------ GIVEN INFORMATION

lemma borel_measurable_compose_pair:
  fixes a :: "real^'n::finite \<Rightarrow> real \<Rightarrow> real"
  assumes "(\<lambda>(x, s). a x s) \<in> borel_measurable borel" "v \<in> borel_measurable (lebesgue_on \<Omega>)"
  shows "(\<lambda>x. a x (v x)) \<in> borel_measurable (lebesgue_on \<Omega>)"
proof -
  have "(\<lambda>x. x) \<in> lebesgue_on \<Omega> \<rightarrow>\<^sub>M (borel :: (real^'n) measure)"
    by (intro measurable_restrict_space1 measurable_completion) simp
  then have "(\<lambda>x. (x, v x)) \<in> lebesgue_on \<Omega> \<rightarrow>\<^sub>M borel \<Otimes>\<^sub>M borel"
    using assms(2) by (rule measurable_Pair)
  moreover have "(\<lambda>(x, s). a x s) \<in> borel_measurable (borel \<Otimes>\<^sub>M borel)"
    using assms(1) by (simp add: borel_prod)
  ultimately show ?thesis
    using measurable_compose by simp
qed

lemma nonlinear_form_coercive:
  fixes a :: "real^'n::finite \<Rightarrow> real \<Rightarrow> real"
  assumes \<Omega>: "open \<Omega>" and \<alpha>: "0 < \<alpha>"
    and a_meas: "(\<lambda>(x, s). a x s) \<in> borel_measurable borel"
    and a_bounds: "\<forall>x\<in>\<Omega>. \<forall>s. \<alpha> \<le> a x s \<and> a x s \<le> \<Lambda>"
    and w: "w \<in> H1 \<Omega>"
  shows "integrable (lebesgue_on \<Omega>) (\<lambda>x. a x (w x) * (norm (weak_grad \<Omega> w x))\<^sup>2)"
    and "\<alpha> * (\<integral>x. (norm (weak_grad \<Omega> w x))\<^sup>2 \<partial>lebesgue_on \<Omega>)
           \<le> (\<integral>x. a x (w x) * (norm (weak_grad \<Omega> w x))\<^sup>2 \<partial>lebesgue_on \<Omega>)"
proof -
  let ?M = "lebesgue_on \<Omega>"
  have N: "integrable ?M (\<lambda>x. (norm (weak_grad \<Omega> w x))\<^sup>2)"
    by (intro integrable_norm_power2_vec square_integrable_weak_grad_nth[OF \<Omega> w])
  show int: "integrable ?M (\<lambda>x. a x (w x) * (norm (weak_grad \<Omega> w x))\<^sup>2)"
  proof (rule integrable_bounded_mult[OF _ _ N])
    show "(\<lambda>x. a x (w x)) \<in> borel_measurable ?M"
      using w a_meas borel_measurable_compose_pair unfolding H1_def L2_def by blast
    show "\<bar>a x (w x)\<bar> \<le> \<Lambda>" if "x \<in> space ?M" for x
    proof -
      have "\<alpha> \<le> a x (w x)" "a x (w x) \<le> \<Lambda>"
        using a_bounds that by auto
      then show ?thesis using \<alpha> by simp
    qed
  qed
  have "(\<integral>x. \<alpha> * (norm (weak_grad \<Omega> w x))\<^sup>2 \<partial>?M) \<le> (\<integral>x. a x (w x) * (norm (weak_grad \<Omega> w x))\<^sup>2 \<partial>?M)"
    using N int a_bounds by (intro integral_mono) (auto intro!: mult_right_mono)
  then show "\<alpha> * (\<integral>x. (norm (weak_grad \<Omega> w x))\<^sup>2 \<partial>?M) \<le> (\<integral>x. a x (w x) * (norm (weak_grad \<Omega> w x))\<^sup>2 \<partial>?M)"
    by simp
qed
lemma chain_root_chains_model: "chain_root (chains_model T, 0) T"
proof -
  have "root_of_chains (chains_model T) 0 T"
    unfolding root_of_chains_def
  proof (intro conjI allI impI ballI)
    fix i u assume "u \<in> W (chains_model T) \<and> Rel (chains_model T) i 0 u"
    then have "u = Suc (u - 1)" "u - 1 \<in> T"
      by (auto simp: chains_model_def)
    then show "\<exists>n\<in>T. has_height (chains_model T) u n"
      using has_height_chains_model by metis
  next
    fix n i assume "n \<in> T"
    then show "\<exists>u\<in>W (chains_model T). Rel (chains_model T) i 0 u \<and> has_height (chains_model T) u n"
      using has_height_chains_model by (intro bexI[of _ "Suc n"]) (auto simp: chains_model_def)
  qed
  then show ?thesis
    by (simp add: chain_root_def atomless_def chains_model_def)
qed

definition orbit_point :: "nat set \<Rightarrow> nat \<Rightarrow> pointed" where
  "orbit_point T m = (upd prune ^^ m) (chains_model T, 0)"

lemma upd_prune_orbit_point: "upd prune (orbit_point T m) = orbit_point T (Suc m)"
  by (simp add: orbit_point_def)

context
  fixes T :: "nat set"
  assumes infinite_T: "infinite T"
begin

lemma shift_T_nonempty: "shift T m \<noteq> {}"
  using infinite_shift[OF infinite_T] by (metis finite.emptyI)

lemma chain_root_orbit_point: "chain_root (orbit_point T m) (shift T m)"
proof (induction m)
  case 0
  then show ?case
    using chain_root_chains_model by (simp add: orbit_point_def)
next
  case (Suc m)
  then show ?case
    using chain_root_upd_prune[OF _ shift_T_nonempty] upd_prune_orbit_point by fastforce
qed

lemma psat_orbit_point: "psat (orbit_point T m) a = root_sat (shift T m) a"
  using chain_root_orbit_point by (rule psat_chain_root)

lemma meq_orbit_point_iff:
  "meq {0} {0} (orbit_point T k) (orbit_point T m) \<longleftrightarrow> shift T k = shift T m"
proof
  assume "meq {0} {0} (orbit_point T k) (orbit_point T m)"
  then have "root_sat (shift T k) (has_chain n) = root_sat (shift T m) (has_chain n)" for n
    using in_lang_has_chain[of "{0}" n] unfolding meq_def psat_orbit_point by blast
  then show "shift T k = shift T m"
    unfolding root_sat_has_chain by blast
qed (simp add: meq_def psat_orbit_point)

lemma cls_orbit_point_eq_iff:
  "cls {0} {0} (range (orbit_point T)) (orbit_point T k) = cls {0} {0} (range (orbit_point T)) (orbit_point T m)
    \<longleftrightarrow> shift T k = shift T m"
  by (simp add: cls_eq_iff meq_orbit_point_iff)

lemma funpow_fmap_orbit_point:
  "(fmap {0} {0} (range (orbit_point T)) prune ^^ n) (cls {0} {0} (range (orbit_point T)) (orbit_point T 0))
    = cls {0} {0} (range (orbit_point T)) (orbit_point T n)"
proof (induction n)
  case (Suc n)
  have "meq {0} {0} (upd prune y) (upd prune z)"
    if yz: "y \<in> range (orbit_point T)" "z \<in> range (orbit_point T)" and "meq {0} {0} y z" for y z
  proof -
    obtain j k where jk: "y = orbit_point T j" "z = orbit_point T k"
      using yz by blast
    with \<open>meq {0} {0} y z\<close> have "shift (shift T j) 1 = shift (shift T k) 1"
      by (simp only: meq_orbit_point_iff)
    then have "shift T (Suc j) = shift T (Suc k)"
      by simp
    with jk show ?thesis
      by (simp only: meq_orbit_point_iff upd_prune_orbit_point)
  qed
  then have "fmap {0} {0} (range (orbit_point T)) prune (cls {0} {0} (range (orbit_point T)) (orbit_point T n))
      = cls {0} {0} (range (orbit_point T)) (orbit_point T (Suc n))"
    unfolding upd_prune_orbit_point[symmetric] by (intro fmap_cls) auto
  with Suc.IH show ?case
    by simp
qed (simp add: orbit_point_def)

lemma not_periodic_orbit_point:
  assumes "\<And>n k. 0 < k \<Longrightarrow> shift T (n + k) \<noteq> shift T n"
  shows "\<not> periodic_orbit (fmap {0} {0} (range (orbit_point T)) prune)
    (cls {0} {0} (range (orbit_point T)) (orbit_point T 0))"
proof
  assume "periodic_orbit (fmap {0} {0} (range (orbit_point T)) prune)
    (cls {0} {0} (range (orbit_point T)) (orbit_point T 0))"
  then obtain n k where "0 < k" "shift T (n + k) = shift T n"
    unfolding periodic_orbit_def funpow_fmap_orbit_point cls_orbit_point_eq_iff by blast
  with assms show False
    by blast
qed

lemma recurrent_orbit_point:
  assumes "strict_mono r" and agree: "\<And>n j. j \<le> n \<Longrightarrow> j \<in> shift T (r n) \<longleftrightarrow> j \<in> T"
  shows "recurrent (stone {0} {0} (range (orbit_point T))) (fmap {0} {0} (range (orbit_point T)) prune)
    (cls {0} {0} (range (orbit_point T)) (orbit_point T 0))"
proof -
  let ?X = "range (orbit_point T)"
  let ?c = "cls {0} {0} ?X (orbit_point T 0)"
  have "limitin (stone {0} {0} ?X) (\<lambda>n. (fmap {0} {0} ?X prune ^^ r n) ?c) ?c sequentially"
  proof (rule limitin_stoneI)
    show "?c \<in> mspace {0} {0} ?X"
      by (simp add: mspace_def)
    fix a assume a: "in_lang {0} {0} a" "?c \<in> basic {0} {0} ?X a"
    then have "root_sat T a"
      using cls_in_basic_iff psat_orbit_point by (metis rangeI shift_0)
    then have "root_sat (shift T (r n)) a" if "depth a \<le> n" for n
      using root_sat_cong[OF infinite_shift[OF infinite_T] infinite_T] agree that by simp
    then have "psat (orbit_point T (r n)) a" if "depth a \<le> n" for n
      using that by (simp add: psat_orbit_point)
    then show "eventually (\<lambda>n. (fmap {0} {0} ?X prune ^^ r n) ?c \<in> basic {0} {0} ?X a) sequentially"
      using a(1) by (auto simp: funpow_fmap_orbit_point cls_in_basic_iff intro: eventually_sequentiallyI)
  qed
  with assms(1) show ?thesis
    unfolding recurrent_def omega_set_def by blast
qed
(* Let $d\ge1$, $n\ge3$, $u\in\mathbb{C}\setminus\{0\}$. In $\mathrm{Y}_{d,n}(u)$: (1) $g_1r_{1,2}=[1+(u-1)e_1]r_{1,2}$; (2) $g_2r_{1,2}=[1+(u-1)e_2]r_{1,2}$; (3) $g_1g_2r_{1,2}=[1+(u-1)e_1+(u-1)e_{1,3}+(u-1)^2e_1e_2]r_{1,2}$; (4) $g_2g_1r_{1,2}=[1+(u-1)e_2+(u-1)e_{1,3}+(u-1)^2e_1e_2]r_{1,2}$; (5) $g_1g_2g_1r_{1,2}=[1+(u-1)(e_1+e_2+e_{1,3})+(u-1)^2(u+2)e_1e_2]r_{1,2}$.
   Context: The Yokonuma–Hecke algebra $\mathrm{Y}_{d,n}(u)$ is the unital associative $\mathbb{C}$-algebra with generators $g_1,\ldots,g_{n-1},t_1,\ldots,t_n$ and relations: $g_ig_j=g_jg_i$ for $|i-j|>1$; $g_{i+1}g_ig_{i+1}=g_ig_{i+1}g_i$; $t_it_j=t_jt_i$; $t_i^d=1$; $g_it_i=t_{i+1}g_i$; $g_it_{i+1}=t_ig_i$; $g_it_j=t_jg_i$ for $j\ne i,i+1$; $g_i^2=1+(u-1)e_i+(u-1)e_ig_i$, where $e_i=\frac1d\sum_{s=0}^{d-1}t_i^st_{i+1}^{d-s}$. Also $e_{i,j}=\frac1d\sum_{s=0}^{d-1}t_i^st_j^{d-s}$. For $w\in S_n$ with reduced expression $s_{i_1}\cdots s_{i_k}$ put $g_w=g_{i_1}\cdots g_{i_k}$; $g_{1,2}=\sum_{w\in S_3}g_w$ and $r_{1,2}=\sum_{a,b=0}^{d-1}t_1^{a}t_2^{b-a}t_3^{-b}\,g_{1,2}$. *)

theory Defs
  imports Complex_Main
begin

text \<open>A unital associative complex algebra is modelled as a ring 'a together with a
unital ring homomorphism sc from the complex numbers into the centre of 'a.
Since the Yokonuma-Hecke algebra is presented by generators and relations, an
identity holds in it iff it holds for every family of elements of every complex
algebra satisfying the defining relations (universal property).\<close>

definition complex_alg :: "(complex \<Rightarrow> 'a::ring_1) \<Rightarrow> bool" where
  "complex_alg sc \<longleftrightarrow> sc 1 = 1 \<and> (\<forall>a b. sc (a + b) = sc a + sc b)
     \<and> (\<forall>a b. sc (a * b) = sc a * sc b) \<and> (\<forall>a x. sc a * x = x * sc a)"

text \<open>Integer powers of t_i; since t_i^d = 1, t_i^k = t_i^(k mod d).\<close>
definition tp :: "nat \<Rightarrow> (nat \<Rightarrow> 'a::ring_1) \<Rightarrow> nat \<Rightarrow> int \<Rightarrow> 'a" where
  "tp d t i k = t i ^ nat (k mod int d)"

------------

**BRIEF:** Going through the records, say how many lines hold the string "that". Only the number should be given.

**PROBLEM SOLUTION:** 3